Ciavarra began her career as a teacher at the Syracuse University School of Architecture shortly after she graduated from there with her master's degree. Later, she returned to Italy to teach.

"But then I decided I wanted to practice as an architect," she said. She went to work for Gluckman Mayner Architects in New York City, and renewed a friendship with Anne Marie Lubrano, a former architecture school colleague.

"She had a small project on the side -- a children's shoe store -- and asked me to help," Ciavarra said. She did, and another project followed. The next commission they earned was big enough that Ciavarra could leave her day job.

"We officially established the business in 1999," she said.

A year later, the two architects tried their hand at school design in the Chicago Public Schools Big Shoulders, Small Schools Design Competition. Lubrano Ciavarra Design won the open competition, and came in a close second in the invited portion of a

contest dominated by renowned, long-established firms. The partners have since taken on more school clients -- work Ciavarra loves. And just last year, Ciavarra was awarded Syracuse's School of Architecture Dean's Distinguished Alumnae Award.

It has been a full-circle career experience for Ciavarra, who's made frequent trips to upstate New York to check in on her Hamilton project and to sit on the Advisory Board for the SU School of Architecture.

"I'm busy, but a friend of mine from Colgate said to me, `Yeah, but you love what you do,'" she said. "And that's true. I've been really lucky."

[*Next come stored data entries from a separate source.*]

lemma reaches_mu_loop:
  assumes sem_f: "\<And>m u k. sem f m = Some u \<Longrightarrow> reaches (Eval f m k) (Ret k u)"
    and zero: "sem f (npair n v) = Some 0"
    and positive: "\<forall>i<v. \<exists>u. sem f (npair n i) = Some (Suc u)"
  shows "j \<le> v \<Longrightarrow> reaches (Eval f (npair n j) (Kmu f n j k)) (Ret k v)"
proof (induction "v - j" arbitrary: j)
  case 0
  then have "j = v" by simp
  have "reaches (Eval f (npair n j) (Kmu f n j k)) (Ret (Kmu f n j k) 0)"
    using sem_f[OF zero] \<open>j = v\<close> by simp
  moreover have "reaches (Ret (Kmu f n j k) 0) (Ret k v)"
    using \<open>j = v\<close> by - (rule reaches_step, simp)
  ultimately show ?case by (rule rtranclp_trans)
next
  case (Suc d)
  then have "j < v" by simp
  then obtain u where u: "sem f (npair n j) = Some (Suc u)"
    using positive by blast
  have "reaches (Eval f (npair n j) (Kmu f n j k)) (Ret (Kmu f n j k) (Suc u))"
    by (rule sem_f[OF u])
  moreover have "reaches (Ret (Kmu f n j k) (Suc u)) (Ret k v)"
    using Suc by - (rule reaches_step, simp)
  ultimately show ?case by (rule rtranclp_trans)
qed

An exhibition of Ciavarra's work will be mounted at Colgate during Reunion Weekend June 1-4, 2006, on the first floor of Little Hall.


Bill Gillick '75

In the next year, Bill Gillick '75 could be helping Alzheimer's patients as far away as Japan improve the quality of their lives.

Pathways to Memory, a trademarked targeted memory enhancement program developed by Gillick, who is a professional healthcare consultant, and partner Ann Marie Doetterl, has been shown to improve memory and slow the progression of Alzheimer's Disease in patients. Launched in 2005 with remarkable success in western New York through Gillick's Homewatch CareGivers franchise, the program has quickly generated a buzz that has spread across the nation and internationally. Healthcare providers on the West Coast and in Canada, Ireland, and Japan are showing interest.

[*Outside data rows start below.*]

(* Let $h$ be a smooth function on a neighborhood of $(0,0)$ whose Taylor expansion at $(0,0)$ is $h(x,y)=a^2x^2+b^2y^2+\sum_{m+n\ge3}h_{m,n}x^my^n$, where $a,b>0$ are linearly independent over $\mathbb{Q}$. Then there is a unique formal power series $z(x,y)=\frac12(ax^2-by^2)+\sum_{m+n\ge3}z_{m,n}x^my^n$ satisfying $z_x^2+z_y^2=h$ as formal power series. *)

theory Defs
  imports Complex_Main
begin

text \<open>Formal power series in two variables x, y over the reals, represented by
  their coefficient arrays: f m n is the coefficient of x^m y^n.\<close>
type_synonym fps2 = "nat \<Rightarrow> nat \<Rightarrow> real"

definition fps2_dx :: "fps2 \<Rightarrow> fps2" where
  "fps2_dx f m n = real (m + 1) * f (m + 1) n"

definition fps2_dy :: "fps2 \<Rightarrow> fps2" where
  "fps2_dy f m n = real (n + 1) * f m (n + 1)"

definition fps2_mult :: "fps2 \<Rightarrow> fps2 \<Rightarrow> fps2" where
  "fps2_mult f g m n = (\<Sum>i\<le>m. \<Sum>j\<le>n. f i j * g (m - i) (n - j))"

definition fps2_add :: "fps2 \<Rightarrow> fps2 \<Rightarrow> fps2" where
  "fps2_add f g m n = f m n + g m n"

definition rat_lin_indep2 :: "real \<Rightarrow> real \<Rightarrow> bool" where
  "rat_lin_indep2 a b \<longleftrightarrow>
     (\<forall>p q :: rat. of_rat p * a + of_rat q * b = 0 \<longrightarrow> p = 0 \<and> q = 0)"

end

theory Submission
  imports Defs "HOL-Library.Function_Algebras"
begin

text \<open>Write \<open>z = S + W\<close> with \<open>S = saddle a b = (a x\<^sup>2 - b y\<^sup>2) / 2\<close>. Since \<open>S\<^sub>x = a x\<close> and
  \<open>S\<^sub>y = - b y\<close>, the operator \<open>g \<mapsto> S\<^sub>x g\<^sub>x + S\<^sub>y g\<^sub>y\<close> multiplies the coefficient of
  \<open>x\<^sup>m y\<^sup>n\<close> by \<open>a m - b n\<close>, which vanishes only for \<open>m = n = 0\<close> because \<open>a\<close> and \<open>b\<close> are
  linearly independent over \<open>\<rat>\<close>. Hence the coefficient of \<open>x\<^sup>m y\<^sup>n\<close> in
  \<open>z\<^sub>x\<^sup>2 + z\<^sub>y\<^sup>2 = h\<close> reads \<open>2 (a m - b n) z\<^sub>m\<^sub>n = h\<^sub>m\<^sub>n - (S\<^sub>x\<^sup>2 + S\<^sub>y\<^sup>2)\<^sub>m\<^sub>n - (W\<^sub>x\<^sup>2 + W\<^sub>y\<^sup>2)\<^sub>m\<^sub>n\<close>,
  and as \<open>W\<close> has order at least 3 the last term only involves coefficients of \<open>z\<close> of total
  degree below \<open>m + n\<close>. So the coefficients of \<open>z\<close> are uniquely determined, degree by
  degree.\<close>

definition fps2_grad_dot :: "fps2 \<Rightarrow> fps2 \<Rightarrow> fps2" where
  "fps2_grad_dot f g = fps2_add (fps2_mult (fps2_dx f) (fps2_dx g)) (fps2_mult (fps2_dy f) (fps2_dy g))"

definition fps2_vanishes_below :: "nat \<Rightarrow> fps2 \<Rightarrow> bool" where
  "fps2_vanishes_below k f \<longleftrightarrow> (\<forall>i j. i + j < k \<longrightarrow> f i j = 0)"

definition fps2_monom :: "real \<Rightarrow> nat \<Rightarrow> nat \<Rightarrow> fps2" where
  "fps2_monom c p q i j = (if i = p \<and> j = q then c else 0)"

definition saddle :: "real \<Rightarrow> real \<Rightarrow> fps2" where
  "saddle a b = fps2_monom (a / 2) 2 0 + fps2_monom (- b / 2) 0 2"

lemma fps2_add_eq_plus: "fps2_add f g = f + g"
  by (simp add: fun_eq_iff fps2_add_def)

lemma fps2_mult_commute: "fps2_mult f g = fps2_mult g f"
proof (intro ext)
  fix m n
  have rev: "(\<Sum>i\<le>k. F i) = (\<Sum>i\<le>k. F (k - i))" for k and F :: "nat \<Rightarrow> real"
    using sum.atLeastAtMost_rev[of F 0 k] by (simp add: atLeast0AtMost)
  have "fps2_mult f g m n = (\<Sum>i\<le>m. \<Sum>j\<le>n. f (m - i) (n - j) * g (m - (m - i)) (n - (n - j)))"
    unfolding fps2_mult_def by (subst rev, rule sum.cong, simp, subst rev, simp)
  also have "\<dots> = fps2_mult g f m n"
    unfolding fps2_mult_def by (intro sum.cong refl) (simp add: mult.commute)
  finally show "fps2_mult f g m n = fps2_mult g f m n" .
qed

lemma fps2_mult_add_left: "fps2_mult (f + g) k = fps2_mult f k + fps2_mult g k"
  by (simp add: fun_eq_iff fps2_mult_def distrib_right sum.distrib)

lemma fps2_dx_add: "fps2_dx (f + g) = fps2_dx f + fps2_dx g"
  by (simp add: fun_eq_iff fps2_dx_def distrib_left)

lemma fps2_dy_add: "fps2_dy (f + g) = fps2_dy f + fps2_dy g"
  by (simp add: fun_eq_iff fps2_dy_def distrib_left)

lemma fps2_grad_dot_commute: "fps2_grad_dot f g = fps2_grad_dot g f"
  by (simp add: fps2_grad_dot_def fps2_mult_commute)

lemma fps2_grad_dot_add_left: "fps2_grad_dot (f + g) k = fps2_grad_dot f k + fps2_grad_dot g k"
  by (simp add: fps2_grad_dot_def fps2_add_eq_plus fps2_dx_add fps2_dy_add fps2_mult_add_left)

lemma fps2_grad_dot_add_right: "fps2_grad_dot k (f + g) = fps2_grad_dot k f + fps2_grad_dot k g"
  by (simp add: fps2_grad_dot_commute[of k] fps2_grad_dot_add_left)

lemma fps2_grad_dot_self_add:
  "fps2_grad_dot (f + g) (f + g) m n =
     fps2_grad_dot f f m n + 2 * fps2_grad_dot f g m n + fps2_grad_dot g g m n"
  by (simp add: fps2_grad_dot_add_left fps2_grad_dot_add_right fps2_grad_dot_commute[of g f])

lemma fps2_mult_monom:
  "fps2_mult (fps2_monom c p q) g m n = (if p \<le> m \<and> q \<le> n then c * g (m - p) (n - q) else 0)"
proof -
  have "(\<Sum>j\<le>n. fps2_monom c p q i j * g (m - i) (n - j)) =
      (if i = p \<and> q \<le> n then c * g (m - p) (n - q) else 0)" for i
    by (cases "i = p") (simp_all add: fps2_monom_def if_distrib[of "\<lambda>x. x * _"] cong: if_cong)
  then show ?thesis
    by (cases "q \<le> n") (simp_all add: fps2_mult_def)
qed

lemma fps2_vanishes_below_dx: "fps2_vanishes_below k f \<Longrightarrow> fps2_vanishes_below (k - 1) (fps2_dx f)"
  by (simp add: fps2_vanishes_below_def fps2_dx_def)

lemma fps2_vanishes_below_dy: "fps2_vanishes_below k f \<Longrightarrow> fps2_vanishes_below (k - 1) (fps2_dy f)"
  by (simp add: fps2_vanishes_below_def fps2_dy_def)

lemma fps2_mult_vanishes:
  assumes f: "fps2_vanishes_below k f" and g: "fps2_vanishes_below l g" and "m + n < k + l"
  shows "fps2_mult f g m n = 0"
  unfolding fps2_mult_def
proof (intro sum.neutral ballI)
  fix i j assume "i \<in> {..m}" "j \<in> {..n}"
  then have "i + j < k \<or> (m - i) + (n - j) < l"
    using \<open>m + n < k + l\<close> by auto
  then show "f i j * g (m - i) (n - j) = 0"
    using f g by (auto simp: fps2_vanishes_below_def)
qed

lemma fps2_grad_dot_vanishes:
  assumes "fps2_vanishes_below k f" "fps2_vanishes_below l g" "m + n + 2 < k + l"
  shows "fps2_grad_dot f g m n = 0"
  using assms fps2_mult_vanishes[OF fps2_vanishes_below_dx fps2_vanishes_below_dx, of k f l g m n]
    fps2_mult_vanishes[OF fps2_vanishes_below_dy fps2_vanishes_below_dy, of k f l g m n]
  by (simp add: fps2_grad_dot_def fps2_add_def)

lemma fps2_grad_dot_self_cong:
  assumes f: "fps2_vanishes_below 3 f" and g: "fps2_vanishes_below 3 g"
    and agree: "\<forall>i j. i + j < m + n \<longrightarrow> f i j = g i j"
  shows "fps2_grad_dot f f m n = fps2_grad_dot g g m n"
proof -
  have d3: "fps2_vanishes_below 3 (f - g)" and dmn: "fps2_vanishes_below (m + n) (f - g)"
    using f g agree by (simp_all add: fps2_vanishes_below_def)
  have "fps2_grad_dot f f m n = fps2_grad_dot (g + (f - g)) (g + (f - g)) m n"
    by simp
  also have "\<dots> = fps2_grad_dot g g m n"
    unfolding fps2_grad_dot_self_add
    using fps2_grad_dot_vanishes[OF g dmn] fps2_grad_dot_vanishes[OF d3 dmn] by simp
  finally show ?thesis .
qed

lemma fps2_dx_saddle: "fps2_dx (saddle a b) = fps2_monom a 1 0"
  by (auto simp: fun_eq_iff fps2_dx_def saddle_def fps2_monom_def)

lemma fps2_dy_saddle: "fps2_dy (saddle a b) = fps2_monom (- b) 0 1"
  by (auto simp: fun_eq_iff fps2_dy_def saddle_def fps2_monom_def)

lemma fps2_grad_dot_saddle: "fps2_grad_dot (saddle a b) g m n = (a * real m - b * real n) * g m n"
  unfolding fps2_grad_dot_def fps2_add_def fps2_dx_saddle fps2_dy_saddle fps2_mult_monom
  by (cases m; cases n) (auto simp: fps2_dx_def fps2_dy_def algebra_simps)

lemma fps2_grad_dot_saddle_saddle:
  "fps2_grad_dot (saddle a b) (saddle a b) m n =
     (if (m, n) = (2, 0) then a ^ 2 else if (m, n) = (0, 2) then b ^ 2 else 0)"
  unfolding fps2_grad_dot_saddle by (auto simp: saddle_def fps2_monom_def power2_eq_square)

lemma rat_lin_indep2_nat_comb_eq_0:
  assumes "rat_lin_indep2 a b" "a * real m - b * real n = 0"
  shows "m = 0 \<and> n = 0"
proof -
  have "of_rat (of_nat m) * a + of_rat (- of_nat n) * b = 0"
    using assms(2) by (simp add: of_rat_minus algebra_simps)
  then show ?thesis
    using assms(1) unfolding rat_lin_indep2_def by fastforce
qed

lemma fps2_grad_dot_self_saddle_cong:
  assumes "fps2_vanishes_below 3 (z - saddle a b)" "fps2_vanishes_below 3 (w - saddle a b)"
    and "\<forall>i j. i + j < m + n \<longrightarrow> z i j = w i j"
  shows "fps2_grad_dot z z m n - fps2_grad_dot w w m n = 2 * (a * real m - b * real n) * (z m n - w m n)"
proof -
  let ?S = "saddle a b"
  have expand: "fps2_grad_dot u u m n = fps2_grad_dot ?S ?S m n
      + 2 * (a * real m - b * real n) * (u m n - ?S m n) + fps2_grad_dot (u - ?S) (u - ?S) m n" for u
    using fps2_grad_dot_self_add[of ?S "u - ?S" m n] by (simp add: fps2_grad_dot_saddle)
  have "fps2_grad_dot (z - ?S) (z - ?S) m n = fps2_grad_dot (w - ?S) (w - ?S) m n"
    using assms by (intro fps2_grad_dot_self_cong) auto
  then show ?thesis
    using expand[of z] expand[of w] by (simp add: algebra_simps)
qed

lemma fps2_vanishes_below_3_diff_saddle_iff:
  "fps2_vanishes_below 3 (z - saddle a b) \<longleftrightarrow>
     z 2 0 = a / 2 \<and> z 0 2 = - b / 2 \<and>
     (\<forall>m n. m + n \<le> 2 \<longrightarrow> (m, n) \<noteq> (2, 0) \<longrightarrow> (m, n) \<noteq> (0, 2) \<longrightarrow> z m n = 0)"
    (is "_ \<longleftrightarrow> ?normalized")
proof
  assume "fps2_vanishes_below 3 (z - saddle a b)"
  then show ?normalized
    by (auto simp: fps2_vanishes_below_def saddle_def fps2_monom_def)
next
  assume ?normalized
  then have "z i j = saddle a b i j" if "i + j < 3" for i j
    using that by (cases "(i, j) = (2, 0)"; cases "(i, j) = (0, 2)") (auto simp: saddle_def fps2_monom_def)
  then show "fps2_vanishes_below 3 (z - saddle a b)"
    by (simp add: fps2_vanishes_below_def)
qed

lemma saddle_solution_unique:
  assumes ab: "rat_lin_indep2 a b"
    and z: "fps2_vanishes_below 3 (z - saddle a b)" and w: "fps2_vanishes_below 3 (w - saddle a b)"
    and eq: "fps2_grad_dot z z = fps2_grad_dot w w"
  shows "z = w"
proof -
  have "z m n = w m n" if "m + n = d" for d m n
    using that
  proof (induction d arbitrary: m n rule: less_induct)
    case (less d)
    show ?case
    proof (cases "m + n < 3")
      case True
      then show ?thesis
        using z w by (auto simp: fps2_vanishes_below_def)
    next
      case False
      then have "a * real m - b * real n \<noteq> 0"
        using rat_lin_indep2_nat_comb_eq_0[OF ab] by fastforce
      moreover have "fps2_grad_dot z z m n - fps2_grad_dot w w m n =
          2 * (a * real m - b * real n) * (z m n - w m n)"
        using z w less by (intro fps2_grad_dot_self_saddle_cong) auto
      ultimately show ?thesis
        using eq by simp
    qed
  qed
  then show ?thesis
    by (simp add: fun_eq_iff)
qed

text \<open>\<open>saddle_approx a b h d\<close> is the solution truncated to total degrees below \<open>max d 3\<close>.\<close>

primrec saddle_approx :: "real \<Rightarrow> real \<Rightarrow> fps2 \<Rightarrow> nat \<Rightarrow> fps2" where
  "saddle_approx a b h 0 = saddle a b"
| "saddle_approx a b h (Suc d) = (\<lambda>i j. if i + j = d \<and> 3 \<le> d
      then (h i j - fps2_grad_dot (saddle_approx a b h d) (saddle_approx a b h d) i j)
             / (2 * (a * real i - b * real j))
      else saddle_approx a b h d i j)"

lemma saddle_approx_low: "i + j < 3 \<Longrightarrow> saddle_approx a b h d i j = saddle a b i j"
  by (induction d) auto

lemma saddle_approx_high: "3 \<le> i + j \<Longrightarrow> d \<le> i + j \<Longrightarrow> saddle_approx a b h d i j = 0"
  by (induction d) (auto simp: saddle_def fps2_monom_def)

lemma saddle_approx_stable: "i + j < d \<Longrightarrow> saddle_approx a b h (d + k) i j = saddle_approx a b h d i j"
  by (induction k) auto

lemma saddle_solution_exists:
  assumes ab: "rat_lin_indep2 a b"
    and h: "fps2_vanishes_below 3 (h - fps2_grad_dot (saddle a b) (saddle a b))"
  shows "\<exists>z. fps2_vanishes_below 3 (z - saddle a b) \<and> fps2_grad_dot z z = h"
proof (intro exI conjI)
  define Z where "Z = saddle_approx a b h"
  define z where "z i j = Z (i + j + 1) i j" for i j
  have z_Z: "z i j = Z d i j" if "i + j < d" for i j d
    using saddle_approx_stable[of i j "i + j + 1" a b h "d - (i + j + 1)"] that by (simp add: z_def Z_def)
  have Z_low: "fps2_vanishes_below 3 (Z d - saddle a b)" for d
    by (simp add: fps2_vanishes_below_def Z_def saddle_approx_low)
  show z_low: "fps2_vanishes_below 3 (z - saddle a b)"
    using Z_low by (simp add: fps2_vanishes_below_def z_def)
  show "fps2_grad_dot z z = h"
  proof (intro ext)
    fix m n
    let ?c = "a * real m - b * real n"
    show "fps2_grad_dot z z m n = h m n"
    proof (cases "m + n < 3")
      case True
      have "fps2_grad_dot z z m n - fps2_grad_dot (saddle a b) (saddle a b) m n =
          2 * ?c * (z m n - saddle a b m n)"
        using z_low True by (intro fps2_grad_dot_self_saddle_cong) (auto simp: fps2_vanishes_below_def)
      then show ?thesis
        using z_low h True by (simp add: fps2_vanishes_below_def)
    next
      case False
      have "fps2_grad_dot z z m n - fps2_grad_dot (Z (m + n)) (Z (m + n)) m n =
          2 * ?c * (z m n - Z (m + n) m n)"
        using z_low Z_low z_Z by (intro fps2_grad_dot_self_saddle_cong) auto
      moreover have "Z (m + n) m n = 0"
        using False by (simp add: Z_def saddle_approx_high)
      moreover have "z m n = (h m n - fps2_grad_dot (Z (m + n)) (Z (m + n)) m n) / (2 * ?c)"
        using False by (simp add: z_def Z_def)
      moreover have "?c \<noteq> 0"
        using rat_lin_indep2_nat_comb_eq_0[OF ab] False by fastforce
      ultimately show ?thesis
        by simp
    qed
  qed
qed

theorem theorem4p2:
  fixes a b :: real and h :: fps2
  assumes "a > 0" and "b > 0" and "rat_lin_indep2 a b"
    and "h 2 0 = a ^ 2" and "h 0 2 = b ^ 2"
    and "\<And>m n. m + n \<le> 2 \<Longrightarrow> (m, n) \<noteq> (2, 0) \<Longrightarrow> (m, n) \<noteq> (0, 2) \<Longrightarrow> h m n = 0"
  shows "\<exists>!z :: fps2.
           z 2 0 = a / 2 \<and> z 0 2 = - b / 2 \<and>
           (\<forall>m n. m + n \<le> 2 \<longrightarrow> (m, n) \<noteq> (2, 0) \<longrightarrow> (m, n) \<noteq> (0, 2) \<longrightarrow> z m n = 0) \<and>
           fps2_add (fps2_mult (fps2_dx z) (fps2_dx z)) (fps2_mult (fps2_dy z) (fps2_dy z)) = h"
proof -
  have "fps2_vanishes_below 3 (h - fps2_grad_dot (saddle a b) (saddle a b))"
    using assms(4-6) by (auto simp: fps2_vanishes_below_def fps2_grad_dot_saddle_saddle)
  then obtain z where "fps2_vanishes_below 3 (z - saddle a b)" "fps2_grad_dot z z = h"
    using saddle_solution_exists[OF assms(3)] by blast
  then have "\<exists>!z. fps2_vanishes_below 3 (z - saddle a b) \<and> fps2_grad_dot z z = h"
    using saddle_solution_unique[OF assms(3)] by blast
  then show ?thesis
    by (simp add: fps2_vanishes_below_3_diff_saddle_iff fps2_grad_dot_def conj_assoc)
qed

end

"We're very excited," Gillick said. "You start to hear stories about the woman who doesn't get lost now when she's driving because of Pathways."

Clinical studies have shown that implicit memory -- the relatively unconscious or automatic memory that is used for speech, motor skills, basic memory, and the five senses -- remains intact for individuals in early and mid-stage Alzheimer's Disease. Based on this research, Pathways uses an individually customized, one-on-one memory enhancement plan that combines flash cards and workbooks with instruction by trained staff.

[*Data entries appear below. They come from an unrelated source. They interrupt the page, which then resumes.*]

lemma first_occ_le_label:
  assumes ds: "double_string n S" and lab: "first_occ_labelled n S"
    and dn: "2 * diameter n S < n" and "1 \<le> j" "j \<le> diameter n S + 1"
  shows "first_occ S j \<le> j - 1"
proof (rule ccontr)
  assume late: "\<not> first_occ S j \<le> j - 1"
  have "inj_on (\<lambda>p. S ! p) {..<j}"
    using initial_segment_distinct[OF ds dn] assms
    by (intro inj_onI) (metis lessThan_iff linorder_neqE_nat Suc_eq_plus1 less_Suc_eq_le order.strict_trans2)
  moreover have "(\<lambda>p. S ! p) ` {..<j} \<subseteq> {1..<j}"
  proof
    fix z
    assume "z \<in> (\<lambda>p. S ! p) ` {..<j}"
    then obtain p where p: "p < j" "z = S ! p"
      by blast
    have "p < length S"
      using p assms double_string_length[OF ds] by simp
    then have z: "z \<in> {1..n}"
      using double_string_nth[OF ds] p by simp
    have first: "first_occ S z = p"
      using first_occ_nth_initial_segment[OF ds dn] p assms by simp
    have "\<not> j < z"
      using lab[unfolded first_occ_labelled_def, rule_format, of j z] first p late z assms by auto
    moreover have "z \<noteq> j"
      using first p late by auto
    ultimately show "z \<in> {1..<j}"
      using z by simp
  qed
  ultimately have "card {..<j} \<le> card {1..<j}"
    by (rule card_inj_on_le) simp
  then show False
    using assms by simp
qed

"Fundamentally, we spend two hours a day, three days a week with these folks for 12 weeks," Gillick said. "The program actually gets clients to think again, creating new pathways in the brain to replace the damaged pathways [that result in memory loss]."

Eventually the disease will destroy the new pathways as well, but Pathways to Memory can slow that progression, keeping Alzheimer's sufferers safely in their own homes longer and providing hope for patients and their families.

"When someone is diagnosed, the family members often retreat. They struggle with how to communicate with their loved one," Gillick said. The Pathways model encourages participation from family members, who often remark that the program gives them their relative back.

With experts expecting more than 11 million people to be diagnosed with Alzheimer's by the year 2050, Gillick is thrilled that the results from Pathways have been so positive, and that the word is spreading.

"You start to hear things like, `I'm going to lick this disease,'" Gillick said. It's a declaration he hopes to hear around the world.